Your children are the windows
through which the world sees you best.
Ever cleanse and sanctify us therefore,
not that we might be noticed for our virtues,
but that your light through us might
be ever more clearly witnessed,
your radiance and your beauty
unclouded by our sin.[12]
This is where we circle back to our beginning. The sort of God that Christians believe in is a speaking God. But his voice isn’t audible. We do have his voice recorded for us in Scripture, and that should be our primary home for communicating with him (reading and responding in prayer). But God also speaks through the things that he’s made (Rom. 1:20; Ps. 19:1–4). We embrace the God we can’t see by staring through the things we can see. In John Murray’s words, “the visible creation as God’s handiwork makes manifest the invisible perfections of God as its Creator.”[13] God reveals himself, he speaks to us, through the things he’s made. We gain access to the invisible God through the visible work of his hands.
We embrace the God we can’t see by staring through the things we can see.
In sum, practicality means being intentional about how God is speaking to you in everything. Divinity is in the details. But if we put no effort into this, it’s no wonder skeptics look at Christian faith as irrelevant. If faith doesn’t make a difference to how we think, how we speak, how we act, what we observe in the world and how we respond to it, then why would it be attractive to anyone else? In the worst case, people who practice this sort of faith are nominal Christians, that is, Christians in name only. There’s no shortage of them in the world, which is a real tragedy.
Practicality has the most obvious influence on the question of relevance. If Christian faith is flaunted as an attractive set of ideas, with no tangible means of working those ideas into life transformation, it should be left behind. That sort of faith is not real, not genuine, not sincere. The trouble is that many people treat their faith in this way because they compartmentalize it. They speak about God and the importance of faith on Sundays, or during a crisis. But in daily life, their faith might as well be absent. They are indistinguishable in practice from an atheist or an agnostic or a materialist. If we want to change this, we have to find God in the ordinary moments and show how belief in him really does change how we do the everyday mundane, not the occasional majestic.
CONCLUSION
The relevance of Christian faith is simply showing how it matters. Real Christian faith calls us to be authentic, honest, tangible believers in the God who speaks. At the risk of sounding cynical, if you showed me ten Christians and asked me how many of them lived like this, I would say . . . maybe two. Two in ten. That’s based purely on my own experience, of course. But still, those aren’t encouraging numbers. They suggest how rare it is to find authentic Christian faith. And perhaps this suggests why so many people are critical of Christianity in our time.

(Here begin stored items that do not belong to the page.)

lemma C1c_test_L1_approx_indicator:
  fixes S E :: "'a::euclidean_space set"
  assumes E: "open E" "bounded E" and S: "S \<in> sets borel" "S \<subseteq> E" and e: "e > 0"
  obtains c c' where "C1c_test E c c'" "\<And>x. 0 \<le> c x"
    "integrable lborel (\<lambda>z. \<bar>indicator S z - c z\<bar>)" "(\<integral>z. \<bar>indicator S z - c z\<bar> \<partial>lborel) \<le> e"
proof -
  define \<epsilon> where "\<epsilon> = e / 3"
  have \<epsilon>: "\<epsilon> > 0" using e by (simp add: \<epsilon>_def)
  obtain T V where T: "compact T" "T \<subseteq> S" "open V" "T \<subseteq> V" "V \<subseteq> E"
    "measure lborel (S - T) \<le> \<epsilon>" "measure lborel (V - T) \<le> \<epsilon>"
    using compact_open_approximation[OF S E \<epsilon>] by blast
  define \<theta> where "\<theta> = \<epsilon> / (measure lborel E + 1)"
  have mE: "measure lborel E + 1 > 0" by (simp add: add_nonneg_pos)
  have \<theta>: "\<theta> > 0" "\<theta> * measure lborel E \<le> \<epsilon>"
    using \<epsilon> mE by (simp_all add: \<theta>_def pos_divide_le_eq)
  obtain c c' where c: "C1c_test V c c'" "\<And>x. 0 \<le> c x" "\<And>x. x \<in> T \<Longrightarrow> 1 - \<theta> \<le> c x"
    using C1c_test_urysohn[OF T(1,3,4) \<theta>(1)] by blast
  note L1 = integral_abs_indicator_diff_C1c_test_le[OF c less_imp_le[OF \<theta>(1)] E S T(1,2) T(3,5)]
  have "C1c_test E c c'"
    using C1c_test_support_subset[OF c(1)] T(5) by (intro C1c_test_subset[OF c(1)]) blast
  moreover have "(\<integral>z. \<bar>indicator S z - c z\<bar> \<partial>lborel) \<le> e"
    using L1(2) \<theta>(2) T(6,7) by (simp add: \<epsilon>_def)
  ultimately show ?thesis using c(2) L1(1) that by blast
qed
lemma range_linear_eq_subspace:
  fixes L :: "'a::real_vector \<Rightarrow> 'b::euclidean_space"
  assumes "linear L" "subspace C" "range L \<subseteq> C"
    and trivial: "\<And>t. t \<in> C \<Longrightarrow> (\<And>y. t \<bullet> L y = 0) \<Longrightarrow> t = 0"
  shows "range L = C"
proof
  show "C \<subseteq> range L"
  proof
    fix z assume z: "z \<in> C"
    have R: "subspace (range L)" using linear_subspace_image[OF assms(1) subspace_UNIV] by simp
    obtain s t where s: "s \<in> span (range L)" and t: "\<And>w. w \<in> span (range L) \<Longrightarrow> orthogonal t w"
      and "z = s + t"
      using orthogonal_subspace_decomp_exists by blast
    then have "s \<in> range L" "t = z - s" using R by (metis span_eq_iff, simp)
    moreover have "t \<bullet> L y = 0" for y using t[of "L y"] by (simp add: span_base orthogonal_def)
    ultimately have "t = 0" using assms(2,3) z by (intro trivial) (auto intro: subspace_diff)
    then show "z \<in> range L" using \<open>s \<in> range L\<close> \<open>z = s + t\<close> by simp
  qed
qed (fact assms)

section \<open>Metric 2-step nilpotent Lie algebras\<close>

lemma subspace_lie_center: "bilinear br \<Longrightarrow> subspace (lie_center br)"
  unfolding subspace_def lie_center_def
  by (auto simp: bilinear_lzero bilinear_ladd bilinear_lmul)

lemma subspace_vpart: "subspace (vpart br)"
  unfolding vpart_def by (rule subspace_orthogonal_comp)

lemma inner_vpart_lie_center:
  assumes "x \<in> vpart br" "c \<in> lie_center br"
  shows "x \<bullet> c = 0" "c \<bullet> x = 0"
  using assms unfolding vpart_def orthogonal_comp_def orthogonal_def by (auto simp: inner_commute)

lemma vpart_lie_center_eq_0: "x \<in> vpart br \<Longrightarrow> x \<in> lie_center br \<Longrightarrow> x = 0"
  using inner_vpart_lie_center(1) by fastforce

lemma lie_center_vpart_decomp:
  fixes br :: "'a::euclidean_space \<Rightarrow> 'a \<Rightarrow> 'a"
  assumes "bilinear br"
  obtains c where "c \<in> lie_center br" "x - c \<in> vpart br"
proof -
  obtain c w where "c \<in> span (lie_center br)" "\<And>u. u \<in> span (lie_center br) \<Longrightarrow> orthogonal w u"
    and "x = c + w"
    using orthogonal_subspace_decomp_exists by blast
  moreover have "span (lie_center br) = lie_center br"
    using subspace_lie_center[OF assms] by (rule span_eq_iff[THEN iffD2])
  ultimately show thesis
    using that[of c] unfolding vpart_def orthogonal_comp_def by (auto simp: orthogonal_commute)
qed

lemma jmap_eqI:
  assumes "U \<in> vpart br" "\<And>W. W \<in> vpart br \<Longrightarrow> U \<bullet> W = Z \<bullet> br V W"
  shows "jmap br Z V = U"
  unfolding jmap_def
proof (rule the_equality)
  fix U' assume U': "U' \<in> vpart br \<and> (\<forall>W\<in>vpart br. U' \<bullet> W = Z \<bullet> br V W)"
  then have "U' - U \<in> vpart br" using assms(1) subspace_vpart subspace_diff by blast
  with U' assms have "(U' - U) \<bullet> (U' - U) = 0" by (simp add: inner_diff_left)
  then show "U' = U" by simp
qed (use assms in blast)

lemma jmap_exists:
  fixes br :: "'a::euclidean_space \<Rightarrow> 'a \<Rightarrow> 'a"
  assumes B: "bilinear br"
  shows "\<exists>U\<in>vpart br. \<forall>W\<in>vpart br. U \<bullet> W = Z \<bullet> br V W"
proof -
  have "linear (br V)" using B unfolding bilinear_def by blast
  then have Y: "W \<bullet> adjoint (br V) Z = br V W \<bullet> Z" for W by (rule adjoint_works)
  obtain c where c: "c \<in> lie_center br" "adjoint (br V) Z - c \<in> vpart br"
    using lie_center_vpart_decomp[OF B] by blast
  have "(adjoint (br V) Z - c) \<bullet> W = Z \<bullet> br V W" if "W \<in> vpart br" for W
    using Y[of W] inner_vpart_lie_center(2)[OF that c(1)]
    by (simp add: inner_diff_left inner_commute[of "adjoint (br V) Z"] inner_commute[of Z])
  with c(2) show ?thesis by blast
qed

lemma
  fixes br :: "'a::euclidean_space \<Rightarrow> 'a \<Rightarrow> 'a"
  assumes "bilinear br"
  shows jmap_in_vpart: "jmap br Z V \<in> vpart br"
    and inner_jmap: "W \<in> vpart br \<Longrightarrow> jmap br Z V \<bullet> W = Z \<bullet> br V W"
  using jmap_exists[OF assms, of Z V] jmap_eqI by metis+

lemma bilinear_jmap:
  fixes br :: "'a::euclidean_space \<Rightarrow> 'a \<Rightarrow> 'a"
  assumes B: "bilinear br"
  shows "bilinear (jmap br)"
  unfolding bilinear_def
  by (intro allI conjI linearI jmap_eqI)
    (auto simp: B jmap_in_vpart inner_jmap subspace_vpart subspace_add subspace_scale
      inner_add_left inner_add_right bilinear_ladd bilinear_lmul)

lemma jmap_add_lie_center:
  fixes br :: "'a::euclidean_space \<Rightarrow> 'a \<Rightarrow> 'a"
  assumes B: "bilinear br" and "c \<in> lie_center br"
  shows "jmap br Z (V + c) = jmap br Z V"
proof (rule jmap_eqI)
  have "br c W = 0" for W using assms(2) unfolding lie_center_def by blast
  then show "jmap br Z V \<bullet> W = Z \<bullet> br (V + c) W" if "W \<in> vpart br" for W
    using that by (simp add: B inner_jmap bilinear_ladd)
qed (rule jmap_in_vpart[OF B])

section \<open>Lie algebras of type H\<close>

lemma type_H_bilinear: "type_H br \<Longrightarrow> bilinear br"
  unfolding type_H_def two_step_nilpotent_def lie_algebra_def by blast

lemma type_H_antisym: "type_H br \<Longrightarrow> br x y = - br y x"
  unfolding type_H_def two_step_nilpotent_def lie_algebra_def by blast

lemma type_H_jmap_square:
  "type_H br \<Longrightarrow> Z \<in> lie_center br \<Longrightarrow> V \<in> vpart br \<Longrightarrow>
    jmap br Z (jmap br Z V) = - (Z \<bullet> Z) *\<^sub>R V"
  unfolding type_H_def by blast

lemma type_H_jmap_square_mod_center:
  fixes br :: "'a::euclidean_space \<Rightarrow> 'a \<Rightarrow> 'a"
  assumes H: "type_H br" and Z: "Z \<in> lie_center br"
  shows "jmap br Z (jmap br Z V) + (Z \<bullet> Z) *\<^sub>R V \<in> lie_center br"
proof -
  note B = type_H_bilinear[OF H]
  obtain c where c: "c \<in> lie_center br" "V - c \<in> vpart br"
    using lie_center_vpart_decomp[OF B] by blast
  have "jmap br Z V = jmap br Z (V - c)"
    using jmap_add_lie_center[OF B c(1), of Z "V - c"] by simp
  then have "jmap br Z (jmap br Z V) + (Z \<bullet> Z) *\<^sub>R V = (Z \<bullet> Z) *\<^sub>R c"
    using type_H_jmap_square[OF H Z c(2)] by (simp add: algebra_simps)
  with c(1) show ?thesis by (simp add: subspace_scale[OF subspace_lie_center[OF B]])
qed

Many Christians such as myself who grew up in the church are in danger of living like one of those eight who don’t really believe. For those who have been raised in or around the church, or who have spent years inside its walls, the brightness of faith can dim with routine. The once glorious city of God’s people can fade with familiarity. We can forget just how amazing God is—what he’s like, what he’s done for us, how he continues to speak to us. And if we forget that, it won’t go unnoticed. People are watching, some even waiting for an opportunity to claim that faith in the Christian God is a sham.
Our task, if we’re true believers, is to beg the Spirit to have the speech of God permeate our thoughts, flavor our words, and temper our actions. On the whole, that can be intimidating. But the God who speaks is also the God who persuades. He’ll work with anything. And it starts with one small decision at a time: one act of listening, one act of Christlike service, one sacrifice of the ego, one bold stand on a biblical issue. One decision can show the relevance of our faith, even amidst the thousands of decisions where we fail.
God help us . . . as he’s promised to. Christianity will stand or fall with its relevance.